**YOUR ASSIGNMENT:** For the data that follows, state how many lines hold the string "mathrm", giving the number by itself.

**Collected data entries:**

━━━━━━━━━━━━━━━━━━━━

(* Let $R\to R'$ be a homomorphism of commutative Noetherian $\mathbb{Z}[\frac1p,\zeta_p]$-algebras and let $(\rho,V)$ be an $R[G_n]$-module of $\psi$-Whittaker type. Then $(\rho\otimes_RR',V\otimes_RR')$ is of $\psi$-Whittaker type and $\mathcal{W}(V\otimes_RR',\psi_{R'})=\mathcal{W}(V,\psi_R)\otimes_RR'$, i.e. the Whittaker model of $V\otimes_RR'$ is the image of $\mathcal{W}(V,\psi_R)\otimes_RR'$ under the natural identification $\mathrm{Ind}_{N_n}^{G_n}\psi_R\otimes_RR'\cong\mathrm{Ind}_{N_n}^{G_n}\psi_{R'}$.
   Context: Let $p$ be a prime, $q$ a power of $p$, $G_n=\mathrm{GL}_n(\mathbb{F}_q)$, $N_n$ the upper unipotent subgroup. Fix nontrivial $\psi:(\mathbb{F}_q,+)\to\mathbb{Z}[\frac1p,\zeta_p]^\times$; for an algebra $R$, $\psi_R$ is its image in $R^\times$, a character of $N_n$ via $u\mapsto\psi_R(\sum_iu_{i,i+1})$. $\mathrm{Ind}_{N_n}^{G_n}\psi_R=\{f:G_n\to R:f(ug)=\psi_R(u)f(g)\}$. An $R[G_n]$-module $V$ is of $\psi$-Whittaker type if its $(N_n,\psi_R)$-coinvariants $V_{N_n,\psi_R}$ (its $n$-th derivative) form a free $R$-module of rank one; then a generator $\lambda$ of $\mathrm{Hom}_R(V_{N_n,\psi_R},R)$ gives $V\to\mathrm{Ind}_{N_n}^{G_n}\psi_R$, $v\mapsto(g\mapsto\lambda(\overline{gv}))$, whose image (independent of $\lambda$) is the Whittaker model $\mathcal{W}(V,\psi_R)$. *)

theory Defs
  imports Complex_Main "HOL-Library.Poly_Mapping" "HOL-Library.Function_Algebras" "HOL-Computational_Algebra.Primes"
begin

type_synonym 'f mat = "nat \<Rightarrow> nat \<Rightarrow> 'f"

definition is_mat :: "nat \<Rightarrow> ('f::zero) mat \<Rightarrow> bool" where
  "is_mat n A \<longleftrightarrow> (\<forall>i j. \<not> (i < n \<and> j < n) \<longrightarrow> A i j = 0)"

definition mat_mult :: "nat \<Rightarrow> ('f::comm_semiring_1) mat \<Rightarrow> 'f mat \<Rightarrow> 'f mat" where
  "mat_mult n A B = (\<lambda>i j. if i < n \<and> j < n then (\<Sum>k<n. A i k * B k j) else 0)"

definition mat_one :: "nat \<Rightarrow> ('f::zero_neq_one) mat" where
  "mat_one n = (\<lambda>i j. if i < n \<and> j < n \<and> i = j then 1 else 0)"

definition GL :: "nat \<Rightarrow> ('f::field) mat set" where
  "GL n = {A. is_mat n A \<and> (\<exists>B. is_mat n B \<and> mat_mult n A B = mat_one n \<and> mat_mult n B A = mat_one n)}"

definition unip :: "nat \<Rightarrow> ('f::field) mat set" where
  "unip n = {A. is_mat n A \<and> (\<forall>i<n. \<forall>j<n. (j < i \<longrightarrow> A i j = 0) \<and> (i = j \<longrightarrow> A i j = 1))}"

definition superdiag :: "nat \<Rightarrow> ('f::field) mat \<Rightarrow> 'f" where
  "superdiag n u = (\<Sum>i<n - 1. u i (Suc i))"

definition zeta :: "nat \<Rightarrow> complex" where
  "zeta p = cis (2 * pi / real p)"

definition Zp :: "nat \<Rightarrow> complex set" where
  "Zp p = {(\<Sum>i<p. of_int (c i) * zeta p ^ i) / of_nat p ^ k | (c :: nat \<Rightarrow> int) (k :: nat). True}"

definition Zp_algebra :: "nat \<Rightarrow> (complex \<Rightarrow> 'r::comm_ring_1) \<Rightarrow> bool" where
  "Zp_algebra p \<iota> \<longleftrightarrow> \<iota> 1 = 1 \<and>
     (\<forall>x\<in>Zp p. \<forall>y\<in>Zp p. \<iota> (x + y) = \<iota> x + \<iota> y \<and> \<iota> (x * y) = \<iota> x * \<iota> y)"

definition add_char :: "nat \<Rightarrow> ('f::field \<Rightarrow> complex) \<Rightarrow> bool" where
  "add_char p \<psi> \<longleftrightarrow> (\<forall>a. \<psi> a \<in> Zp p \<and> (\<exists>b\<in>Zp p. \<psi> a * b = 1)) \<and>
     (\<forall>a b. \<psi> (a + b) = \<psi> a * \<psi> b) \<and> (\<exists>a. \<psi> a \<noteq> 1)"

definition ring_hom :: "('r::comm_ring_1 \<Rightarrow> 's::comm_ring_1) \<Rightarrow> bool" where
  "ring_hom \<phi> \<longleftrightarrow> \<phi> 1 = 1 \<and> (\<forall>x y. \<phi> (x + y) = \<phi> x + \<phi> y \<and> \<phi> (x * y) = \<phi> x * \<phi> y)"

definition ring_ideal :: "('r::comm_ring_1) set \<Rightarrow> bool" where
  "ring_ideal I \<longleftrightarrow> 0 \<in> I \<and> (\<forall>x\<in>I. \<forall>y\<in>I. x + y \<in> I) \<and> (\<forall>r. \<forall>x\<in>I. r * x \<in> I)"

definition noetherian_ring :: "('r::comm_ring_1) itself \<Rightarrow> bool" where
  "noetherian_ring _ \<longleftrightarrow> (\<forall>I :: nat \<Rightarrow> 'r set.
      (\<forall>k. ring_ideal (I k)) \<and> (\<forall>k. I k \<subseteq> I (Suc k)) \<longrightarrow> (\<exists>N. \<forall>k\<ge>N. I k = I N))"

definition RG_module :: "nat \<Rightarrow> ('r::comm_ring_1 \<Rightarrow> 'v::ab_group_add \<Rightarrow> 'v)
    \<Rightarrow> (('f::field) mat \<Rightarrow> 'v \<Rightarrow> 'v) \<Rightarrow> bool" where
  "RG_module n scale act \<longleftrightarrow> module scale \<and>
     (\<forall>g\<in>GL n. module_hom scale scale (act g)) \<and>
     act (mat_one n) = id \<and>
     (\<forall>g\<in>GL n. \<forall>h\<in>GL n. act (mat_mult n g h) = act g \<circ> act h)"

text \<open>For a module M and a submodule K (M/K being the module of interest), the
  preimage in M of the kernel of M/K -> (M/K)_{N_n,chi}: K + span{u v - chi(u) v}.\<close>
definition coinv_rel :: "nat \<Rightarrow> ('r::comm_ring_1 \<Rightarrow> 'v::ab_group_add \<Rightarrow> 'v)
    \<Rightarrow> (('f::field) mat \<Rightarrow> 'v \<Rightarrow> 'v) \<Rightarrow> ('f \<Rightarrow> 'r) \<Rightarrow> 'v set \<Rightarrow> 'v set" where
  "coinv_rel n scale act \<chi> K = module.span scale
     (K \<union> {act u v - scale (\<chi> (superdiag n u)) v | u v. u \<in> unip n})"

text \<open>A generator of Hom_R((M/K)_{N_n,chi}, R) when this coinvariant module is free of
  rank one, i.e. an R-linear isomorphism (M/K)_{N_n,chi} -> R, viewed as a map on M.\<close>
definition whittaker_functional :: "nat \<Rightarrow> ('r::comm_ring_1 \<Rightarrow> 'v::ab_group_add \<Rightarrow> 'v)
    \<Rightarrow> (('f::field) mat \<Rightarrow> 'v \<Rightarrow> 'v) \<Rightarrow> ('f \<Rightarrow> 'r) \<Rightarrow> 'v set \<Rightarrow> ('v \<Rightarrow> 'r) \<Rightarrow> bool" where
  "whittaker_functional n scale act \<chi> K lam \<longleftrightarrow>
     module_hom scale (*) lam \<and> surj lam \<and> {v. lam v = 0} = coinv_rel n scale act \<chi> K"

text \<open>M/K is of chi-Whittaker type: its (N_n,chi)-coinvariants are free of rank one.\<close>
definition whittaker_type :: "nat \<Rightarrow> ('r::comm_ring_1 \<Rightarrow> 'v::ab_group_add \<Rightarrow> 'v)
    \<Rightarrow> (('f::field) mat \<Rightarrow> 'v \<Rightarrow> 'v) \<Rightarrow> ('f \<Rightarrow> 'r) \<Rightarrow> 'v set \<Rightarrow> bool" where
  "whittaker_type n scale act \<chi> K \<longleftrightarrow> (\<exists>lam. whittaker_functional n scale act \<chi> K lam)"

text \<open>Whittaker model: image of v |-> (g |-> lam(g v)) in Ind; functions on G_n,
  extended by 0 outside G_n.\<close>
definition whittaker_model :: "nat \<Rightarrow> (('f::field) mat \<Rightarrow> 'v \<Rightarrow> 'v) \<Rightarrow> ('v \<Rightarrow> 'r::zero)
    \<Rightarrow> ('f mat \<Rightarrow> 'r) set" where
  "whittaker_model n act lam = {(\<lambda>g. if g \<in> GL n then lam (act g v) else 0) | v. True}"

definition free_scale :: "'s::comm_ring_1 \<Rightarrow> ('v \<Rightarrow>\<^sub>0 's) \<Rightarrow> ('v \<Rightarrow>\<^sub>0 's)" where
  "free_scale r x = Poly_Mapping.map (\<lambda>a. r * a) x"

definition free_act :: "('g \<Rightarrow> 'v \<Rightarrow> 'v) \<Rightarrow> 'g \<Rightarrow> ('v \<Rightarrow>\<^sub>0 's::comm_ring_1) \<Rightarrow> ('v \<Rightarrow>\<^sub>0 's)" where
  "free_act act g x = (\<Sum>v\<in>Poly_Mapping.keys x. Poly_Mapping.single (act g v) (Poly_Mapping.lookup x v))"

text \<open>Relations defining V \<otimes>_R R' = F/K, F the free R'-module on V.\<close>
definition tensor_rel :: "('r::comm_ring_1 \<Rightarrow> 'v::ab_group_add \<Rightarrow> 'v) \<Rightarrow> ('r \<Rightarrow> 's::comm_ring_1)
    \<Rightarrow> ('v \<Rightarrow>\<^sub>0 's) set" where
  "tensor_rel scale \<phi> = module.span free_scale
     ({Poly_Mapping.single (v + w) 1 - Poly_Mapping.single v 1 - Poly_Mapping.single w 1 | v w. True}
      \<union> {Poly_Mapping.single (scale r v) 1 - Poly_Mapping.single v (\<phi> r) | r v. True})"

text \<open>Image of W(V,psi_R) \<otimes>_R R' in Ind psi_{R'}: R'-span of the phi o f.\<close>
definition base_change_model :: "('r \<Rightarrow> 's::comm_ring_1) \<Rightarrow> ('g \<Rightarrow> 'r) set \<Rightarrow> ('g \<Rightarrow> 's) set" where
  "base_change_model \<phi> W = module.span (\<lambda>r f. \<lambda>g. r * f g) {(\<lambda>g. \<phi> (f g)) | f. f \<in> W}"

end

theory Submission
  imports Defs
begin

(*
  Write F for the free R'-module on V, so that V (x)_R R' = F/K with K = tensor_rel.
  A Whittaker functional lam of V extends R'-linearly to L : F -> R', v |-> phi (lam v);
  L is surjective and kills K and the relations u x - psi(u) x. Conversely, if lam e = 1
  then v - lam(v) e lies in the relation module of V, so modulo K and the twisted relations
  every x in F is congruent to L(x) (e (x) 1): the kernel of L is exactly the relation
  module of V (x) R', i.e. the coinvariants commute with base change. Two Whittaker
  functionals differ by a unit, so the Whittaker model does not depend on the choice, and
  for L the Whittaker function of v (x) 1 is phi o W_v, which gives the model identity.
*)

abbreviation free_gen :: "'v \<Rightarrow> ('v \<Rightarrow>\<^sub>0 's::comm_ring_1)" where
  "free_gen v \<equiv> Poly_Mapping.single v 1"

definition free_lift :: "('s::comm_ring_1 \<Rightarrow> 'm \<Rightarrow> 'm) \<Rightarrow> ('v \<Rightarrow> 'm::ab_group_add)
    \<Rightarrow> ('v \<Rightarrow>\<^sub>0 's) \<Rightarrow> 'm" where
  "free_lift s f x = (\<Sum>v\<in>Poly_Mapping.keys x. s (Poly_Mapping.lookup x v) (f v))"

lemma ring_hom_zero: "ring_hom \<phi> \<Longrightarrow> \<phi> 0 = 0"
  unfolding ring_hom_def by (metis add_cancel_right_right add_0)

lemma module_mult: "module ((*) :: 's::comm_ring_1 \<Rightarrow> 's \<Rightarrow> 's)"
  by unfold_locales (auto simp: algebra_simps)

lemma module_pointwise_mult: "module ((\<lambda>r f g. r * f g) :: 's::comm_ring_1 \<Rightarrow> ('g \<Rightarrow> 's) \<Rightarrow> _)"
  by unfold_locales (auto simp: algebra_simps plus_fun_def)

lemma module_hom_eq_mult_if_kernel_subset:
  assumes f: "module_hom s (*) f" and h: "module_hom s (*) h"
    and ker: "{x. f x = 0} \<subseteq> {x. h x = 0}" and e: "f e = 1"
  shows "h x = f x * h e"
proof -
  interpret f: module_hom s "(*)" f by (rule f)
  interpret h: module_hom s "(*)" h by (rule h)
  have "f (x - s (f x) e) = 0"
    using e by (simp add: f.diff f.scale)
  then have "h (x - s (f x) e) = 0"
    using ker by blast
  then show ?thesis
    by (simp add: h.diff h.scale)
qed

lemma lookup_free_scale: "Poly_Mapping.lookup (free_scale r x) v = r * Poly_Mapping.lookup x v"
  unfolding free_scale_def by transfer (simp add: when_def)

lemma free_scale_single: "free_scale r (Poly_Mapping.single v a) = Poly_Mapping.single v (r * a)"
  unfolding free_scale_def by simp

lemma module_free_scale: "module (free_scale :: 's::comm_ring_1 \<Rightarrow> ('v \<Rightarrow>\<^sub>0 's) \<Rightarrow> _)"
  by unfold_locales (auto intro!: poly_mapping_eqI simp: lookup_free_scale lookup_add algebra_simps)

━━━━━━━━━━━━━━━━━━━━

**ANSWER SECTION:** 2